**INSTRUCTIONS TO FOLLOW**
Only lines containing the string "this" belong in the answer; find them in the records and copy them.

[Stored data]
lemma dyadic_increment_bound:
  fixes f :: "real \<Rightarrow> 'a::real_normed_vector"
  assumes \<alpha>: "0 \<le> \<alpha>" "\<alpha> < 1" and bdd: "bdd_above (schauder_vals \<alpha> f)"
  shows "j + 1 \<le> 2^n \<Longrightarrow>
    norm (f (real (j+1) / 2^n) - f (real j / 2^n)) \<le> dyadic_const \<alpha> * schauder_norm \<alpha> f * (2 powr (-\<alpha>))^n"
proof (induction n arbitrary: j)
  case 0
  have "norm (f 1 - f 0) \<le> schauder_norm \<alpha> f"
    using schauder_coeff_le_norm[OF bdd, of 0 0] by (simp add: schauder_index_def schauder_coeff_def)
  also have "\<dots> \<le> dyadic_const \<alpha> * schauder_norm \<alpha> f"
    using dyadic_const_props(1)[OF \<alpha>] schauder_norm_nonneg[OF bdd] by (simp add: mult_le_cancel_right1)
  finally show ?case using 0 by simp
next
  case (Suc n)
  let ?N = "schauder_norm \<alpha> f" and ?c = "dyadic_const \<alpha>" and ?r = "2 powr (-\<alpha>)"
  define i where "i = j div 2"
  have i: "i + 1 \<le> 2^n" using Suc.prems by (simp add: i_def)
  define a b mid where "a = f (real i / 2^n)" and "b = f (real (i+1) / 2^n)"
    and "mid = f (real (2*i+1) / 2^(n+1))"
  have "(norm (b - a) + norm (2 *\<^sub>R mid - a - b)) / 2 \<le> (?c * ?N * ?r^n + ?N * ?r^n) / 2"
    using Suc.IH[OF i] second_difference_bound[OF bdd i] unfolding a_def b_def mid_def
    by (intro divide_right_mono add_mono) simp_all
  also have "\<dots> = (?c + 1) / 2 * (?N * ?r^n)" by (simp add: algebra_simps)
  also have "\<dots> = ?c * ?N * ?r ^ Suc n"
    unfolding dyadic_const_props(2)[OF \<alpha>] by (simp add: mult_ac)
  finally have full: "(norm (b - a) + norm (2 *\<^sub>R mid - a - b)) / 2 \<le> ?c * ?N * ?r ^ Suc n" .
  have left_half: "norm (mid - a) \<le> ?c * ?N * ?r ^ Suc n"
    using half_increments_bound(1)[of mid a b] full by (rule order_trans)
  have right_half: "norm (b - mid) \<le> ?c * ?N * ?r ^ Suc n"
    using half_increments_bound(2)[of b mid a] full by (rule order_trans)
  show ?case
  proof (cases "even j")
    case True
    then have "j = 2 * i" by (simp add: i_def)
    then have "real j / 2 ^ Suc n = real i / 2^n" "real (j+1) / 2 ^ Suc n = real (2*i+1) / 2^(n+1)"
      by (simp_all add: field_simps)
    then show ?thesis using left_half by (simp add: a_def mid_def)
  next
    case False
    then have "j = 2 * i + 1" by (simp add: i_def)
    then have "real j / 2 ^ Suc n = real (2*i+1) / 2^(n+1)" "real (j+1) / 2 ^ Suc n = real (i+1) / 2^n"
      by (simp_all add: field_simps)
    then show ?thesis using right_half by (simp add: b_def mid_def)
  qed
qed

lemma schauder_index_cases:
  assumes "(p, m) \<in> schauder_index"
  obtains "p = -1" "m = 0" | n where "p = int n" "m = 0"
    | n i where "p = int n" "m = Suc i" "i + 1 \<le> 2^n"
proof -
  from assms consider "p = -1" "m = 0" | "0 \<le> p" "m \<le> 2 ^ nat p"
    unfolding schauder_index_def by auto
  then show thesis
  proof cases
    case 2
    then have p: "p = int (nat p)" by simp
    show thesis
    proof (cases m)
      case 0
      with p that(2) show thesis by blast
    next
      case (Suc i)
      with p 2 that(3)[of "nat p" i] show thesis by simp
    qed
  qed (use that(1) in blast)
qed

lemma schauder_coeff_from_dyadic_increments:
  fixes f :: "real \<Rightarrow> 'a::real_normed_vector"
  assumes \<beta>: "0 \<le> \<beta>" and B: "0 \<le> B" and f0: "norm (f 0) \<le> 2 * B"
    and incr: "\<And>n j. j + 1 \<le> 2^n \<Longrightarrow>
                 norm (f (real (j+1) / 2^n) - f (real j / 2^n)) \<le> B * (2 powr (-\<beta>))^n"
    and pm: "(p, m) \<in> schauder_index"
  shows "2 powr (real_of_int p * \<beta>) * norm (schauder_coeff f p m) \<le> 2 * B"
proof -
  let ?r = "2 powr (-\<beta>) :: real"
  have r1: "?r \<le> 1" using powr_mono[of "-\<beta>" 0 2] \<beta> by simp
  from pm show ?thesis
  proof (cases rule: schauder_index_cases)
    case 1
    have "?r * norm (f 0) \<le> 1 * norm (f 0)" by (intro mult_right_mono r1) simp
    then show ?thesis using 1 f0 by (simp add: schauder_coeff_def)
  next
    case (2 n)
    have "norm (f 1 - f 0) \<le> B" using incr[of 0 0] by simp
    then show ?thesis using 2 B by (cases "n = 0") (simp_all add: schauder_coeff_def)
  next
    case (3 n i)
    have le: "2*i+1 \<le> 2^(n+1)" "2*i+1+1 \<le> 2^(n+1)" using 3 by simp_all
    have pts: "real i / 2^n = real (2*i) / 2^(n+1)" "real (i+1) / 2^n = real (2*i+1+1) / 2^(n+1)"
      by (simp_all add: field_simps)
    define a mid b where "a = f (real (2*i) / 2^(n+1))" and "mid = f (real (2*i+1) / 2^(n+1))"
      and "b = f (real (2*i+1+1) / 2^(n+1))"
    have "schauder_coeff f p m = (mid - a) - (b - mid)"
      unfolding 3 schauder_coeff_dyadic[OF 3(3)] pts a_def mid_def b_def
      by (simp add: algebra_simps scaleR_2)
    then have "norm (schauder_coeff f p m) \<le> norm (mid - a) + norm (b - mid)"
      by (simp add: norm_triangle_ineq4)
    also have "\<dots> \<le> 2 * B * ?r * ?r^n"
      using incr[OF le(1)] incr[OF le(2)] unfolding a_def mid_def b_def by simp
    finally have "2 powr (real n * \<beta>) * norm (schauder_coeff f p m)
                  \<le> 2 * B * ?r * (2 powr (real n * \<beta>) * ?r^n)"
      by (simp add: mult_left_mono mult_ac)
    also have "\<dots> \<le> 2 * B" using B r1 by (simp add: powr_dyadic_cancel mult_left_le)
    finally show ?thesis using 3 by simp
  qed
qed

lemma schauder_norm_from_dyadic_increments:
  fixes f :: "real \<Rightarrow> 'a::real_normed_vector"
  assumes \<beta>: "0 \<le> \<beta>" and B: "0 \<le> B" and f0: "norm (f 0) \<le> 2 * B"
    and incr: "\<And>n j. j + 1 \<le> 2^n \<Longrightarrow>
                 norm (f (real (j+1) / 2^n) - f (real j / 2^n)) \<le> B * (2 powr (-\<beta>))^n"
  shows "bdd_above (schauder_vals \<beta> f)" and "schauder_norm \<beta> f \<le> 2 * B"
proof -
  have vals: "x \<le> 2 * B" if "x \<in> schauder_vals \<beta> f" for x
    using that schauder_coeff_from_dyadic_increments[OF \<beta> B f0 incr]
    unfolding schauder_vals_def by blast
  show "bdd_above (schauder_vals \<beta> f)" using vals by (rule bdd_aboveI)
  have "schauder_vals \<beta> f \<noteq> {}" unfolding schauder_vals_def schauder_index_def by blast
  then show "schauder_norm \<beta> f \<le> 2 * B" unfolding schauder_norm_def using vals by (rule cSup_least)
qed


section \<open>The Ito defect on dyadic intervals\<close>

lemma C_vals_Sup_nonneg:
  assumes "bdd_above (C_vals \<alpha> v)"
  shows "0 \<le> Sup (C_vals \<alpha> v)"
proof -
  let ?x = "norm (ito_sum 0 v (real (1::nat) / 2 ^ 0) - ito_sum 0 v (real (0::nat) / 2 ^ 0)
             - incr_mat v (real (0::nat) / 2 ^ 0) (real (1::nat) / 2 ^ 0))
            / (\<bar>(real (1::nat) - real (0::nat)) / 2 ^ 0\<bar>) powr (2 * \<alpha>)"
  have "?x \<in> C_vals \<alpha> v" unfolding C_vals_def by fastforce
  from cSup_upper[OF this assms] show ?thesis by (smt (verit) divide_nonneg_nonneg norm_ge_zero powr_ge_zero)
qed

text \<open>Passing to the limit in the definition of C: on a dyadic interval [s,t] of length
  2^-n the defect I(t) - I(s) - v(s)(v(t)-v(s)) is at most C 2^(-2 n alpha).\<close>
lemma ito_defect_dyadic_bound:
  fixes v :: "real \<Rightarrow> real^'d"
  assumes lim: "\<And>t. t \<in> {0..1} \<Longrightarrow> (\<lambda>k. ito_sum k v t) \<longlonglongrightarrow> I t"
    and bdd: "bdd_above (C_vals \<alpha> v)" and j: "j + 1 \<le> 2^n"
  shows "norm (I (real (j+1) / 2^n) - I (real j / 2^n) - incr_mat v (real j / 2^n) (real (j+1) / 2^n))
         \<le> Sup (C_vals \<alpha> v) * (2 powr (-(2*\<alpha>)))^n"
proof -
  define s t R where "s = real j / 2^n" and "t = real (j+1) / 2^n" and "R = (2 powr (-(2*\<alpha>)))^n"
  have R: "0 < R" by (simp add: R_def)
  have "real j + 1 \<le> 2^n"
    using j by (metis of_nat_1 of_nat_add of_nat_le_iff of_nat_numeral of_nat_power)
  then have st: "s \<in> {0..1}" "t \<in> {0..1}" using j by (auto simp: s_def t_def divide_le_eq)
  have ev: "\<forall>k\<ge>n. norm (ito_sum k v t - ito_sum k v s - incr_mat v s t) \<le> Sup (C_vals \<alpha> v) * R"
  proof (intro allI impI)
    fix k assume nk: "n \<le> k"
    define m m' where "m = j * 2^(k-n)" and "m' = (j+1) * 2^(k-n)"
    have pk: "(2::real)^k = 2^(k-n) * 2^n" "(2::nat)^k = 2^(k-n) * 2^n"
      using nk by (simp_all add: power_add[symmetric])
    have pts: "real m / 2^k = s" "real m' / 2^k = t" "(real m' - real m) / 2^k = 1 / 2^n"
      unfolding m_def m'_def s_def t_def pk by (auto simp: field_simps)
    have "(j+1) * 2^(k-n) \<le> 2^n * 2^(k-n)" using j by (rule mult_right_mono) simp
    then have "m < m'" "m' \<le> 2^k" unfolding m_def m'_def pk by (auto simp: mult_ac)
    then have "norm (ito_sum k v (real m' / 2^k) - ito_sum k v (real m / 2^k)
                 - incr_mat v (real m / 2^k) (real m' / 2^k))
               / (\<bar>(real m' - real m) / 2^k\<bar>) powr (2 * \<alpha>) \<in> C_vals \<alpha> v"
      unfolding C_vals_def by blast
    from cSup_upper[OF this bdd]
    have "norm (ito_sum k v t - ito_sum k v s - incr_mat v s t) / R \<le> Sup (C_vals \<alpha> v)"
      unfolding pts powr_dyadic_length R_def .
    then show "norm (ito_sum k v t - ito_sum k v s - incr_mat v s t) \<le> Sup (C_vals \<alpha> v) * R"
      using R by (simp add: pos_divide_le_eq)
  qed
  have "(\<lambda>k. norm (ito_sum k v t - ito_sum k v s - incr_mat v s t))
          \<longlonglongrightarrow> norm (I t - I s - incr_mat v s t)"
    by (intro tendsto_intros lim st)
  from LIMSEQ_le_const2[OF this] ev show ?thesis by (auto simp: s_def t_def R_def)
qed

...

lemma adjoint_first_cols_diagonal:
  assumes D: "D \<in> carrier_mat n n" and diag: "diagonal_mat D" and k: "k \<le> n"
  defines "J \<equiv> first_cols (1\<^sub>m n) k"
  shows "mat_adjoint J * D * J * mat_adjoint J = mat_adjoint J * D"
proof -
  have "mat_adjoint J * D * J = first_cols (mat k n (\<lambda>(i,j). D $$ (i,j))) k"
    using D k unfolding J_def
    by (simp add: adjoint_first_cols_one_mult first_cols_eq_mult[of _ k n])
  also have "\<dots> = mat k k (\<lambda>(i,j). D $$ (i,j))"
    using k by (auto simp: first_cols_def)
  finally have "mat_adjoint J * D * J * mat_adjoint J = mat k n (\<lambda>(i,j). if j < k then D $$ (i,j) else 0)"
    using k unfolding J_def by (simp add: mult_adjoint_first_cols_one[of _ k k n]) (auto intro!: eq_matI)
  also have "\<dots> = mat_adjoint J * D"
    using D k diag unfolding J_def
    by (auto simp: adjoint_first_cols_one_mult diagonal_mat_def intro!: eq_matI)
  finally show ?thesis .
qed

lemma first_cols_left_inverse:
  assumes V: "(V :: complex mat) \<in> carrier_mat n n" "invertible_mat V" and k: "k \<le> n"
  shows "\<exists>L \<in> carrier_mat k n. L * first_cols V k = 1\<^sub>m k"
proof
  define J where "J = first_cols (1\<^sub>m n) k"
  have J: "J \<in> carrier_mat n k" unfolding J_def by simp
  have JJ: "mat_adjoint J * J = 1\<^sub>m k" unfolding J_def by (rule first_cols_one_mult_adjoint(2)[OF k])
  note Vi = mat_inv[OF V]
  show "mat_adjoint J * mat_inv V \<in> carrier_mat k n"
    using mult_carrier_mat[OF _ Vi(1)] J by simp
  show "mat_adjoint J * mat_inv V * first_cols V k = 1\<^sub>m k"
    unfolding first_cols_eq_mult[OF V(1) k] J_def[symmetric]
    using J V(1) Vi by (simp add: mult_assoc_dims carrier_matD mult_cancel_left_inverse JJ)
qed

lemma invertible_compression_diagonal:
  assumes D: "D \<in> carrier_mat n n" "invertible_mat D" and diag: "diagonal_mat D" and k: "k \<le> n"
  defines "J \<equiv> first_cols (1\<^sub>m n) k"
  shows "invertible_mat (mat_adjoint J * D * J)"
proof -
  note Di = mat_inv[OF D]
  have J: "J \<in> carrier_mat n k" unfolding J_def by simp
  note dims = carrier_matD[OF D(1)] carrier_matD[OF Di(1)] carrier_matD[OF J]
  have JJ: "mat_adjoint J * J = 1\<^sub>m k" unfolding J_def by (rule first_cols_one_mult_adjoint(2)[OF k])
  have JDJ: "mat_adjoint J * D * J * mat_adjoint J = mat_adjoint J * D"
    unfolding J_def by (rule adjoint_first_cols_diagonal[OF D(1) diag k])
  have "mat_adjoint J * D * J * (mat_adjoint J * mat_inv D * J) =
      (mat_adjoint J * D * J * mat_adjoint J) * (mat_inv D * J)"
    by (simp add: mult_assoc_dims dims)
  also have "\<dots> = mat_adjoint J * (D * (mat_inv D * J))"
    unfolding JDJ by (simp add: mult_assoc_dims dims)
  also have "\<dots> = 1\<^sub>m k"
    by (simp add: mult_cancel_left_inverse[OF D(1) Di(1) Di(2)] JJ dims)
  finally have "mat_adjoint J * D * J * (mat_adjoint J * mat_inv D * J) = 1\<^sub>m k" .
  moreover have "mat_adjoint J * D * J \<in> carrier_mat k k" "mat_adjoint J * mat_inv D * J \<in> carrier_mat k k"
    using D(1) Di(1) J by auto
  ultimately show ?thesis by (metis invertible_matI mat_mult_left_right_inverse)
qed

==

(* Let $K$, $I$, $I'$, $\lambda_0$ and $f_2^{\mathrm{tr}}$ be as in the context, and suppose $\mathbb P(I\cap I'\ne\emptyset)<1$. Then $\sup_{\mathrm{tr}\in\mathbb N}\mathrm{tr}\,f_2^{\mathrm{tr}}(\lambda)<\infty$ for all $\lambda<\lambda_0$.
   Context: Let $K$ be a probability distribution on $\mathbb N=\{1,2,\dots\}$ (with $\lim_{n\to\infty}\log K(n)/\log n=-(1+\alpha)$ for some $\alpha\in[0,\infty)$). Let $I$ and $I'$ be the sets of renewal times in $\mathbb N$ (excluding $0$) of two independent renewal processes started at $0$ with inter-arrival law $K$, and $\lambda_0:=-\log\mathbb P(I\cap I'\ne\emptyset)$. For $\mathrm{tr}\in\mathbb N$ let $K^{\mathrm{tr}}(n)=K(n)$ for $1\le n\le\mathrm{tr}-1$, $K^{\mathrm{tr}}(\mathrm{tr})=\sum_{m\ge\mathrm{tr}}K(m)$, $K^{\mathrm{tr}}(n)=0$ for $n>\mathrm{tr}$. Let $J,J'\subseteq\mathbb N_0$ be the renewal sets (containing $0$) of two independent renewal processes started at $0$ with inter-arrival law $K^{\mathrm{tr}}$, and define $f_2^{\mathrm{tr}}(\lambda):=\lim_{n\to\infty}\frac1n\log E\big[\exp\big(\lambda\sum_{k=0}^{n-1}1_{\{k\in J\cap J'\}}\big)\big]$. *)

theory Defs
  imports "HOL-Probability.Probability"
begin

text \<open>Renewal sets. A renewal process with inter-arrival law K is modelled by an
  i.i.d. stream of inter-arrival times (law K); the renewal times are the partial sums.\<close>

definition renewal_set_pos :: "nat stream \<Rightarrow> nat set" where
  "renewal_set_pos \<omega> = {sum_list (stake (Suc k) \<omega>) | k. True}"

**ANSWER SPACE**
  from cSup_upper[OF this assms] show ?thesis by (smt (verit) divide_nonneg_nonneg norm_ge_zero powr_ge_zero)
    from cSup_upper[OF this bdd]
  from LIMSEQ_le_const2[OF this] ev show ?thesis by (auto simp: s_def t_def R_def)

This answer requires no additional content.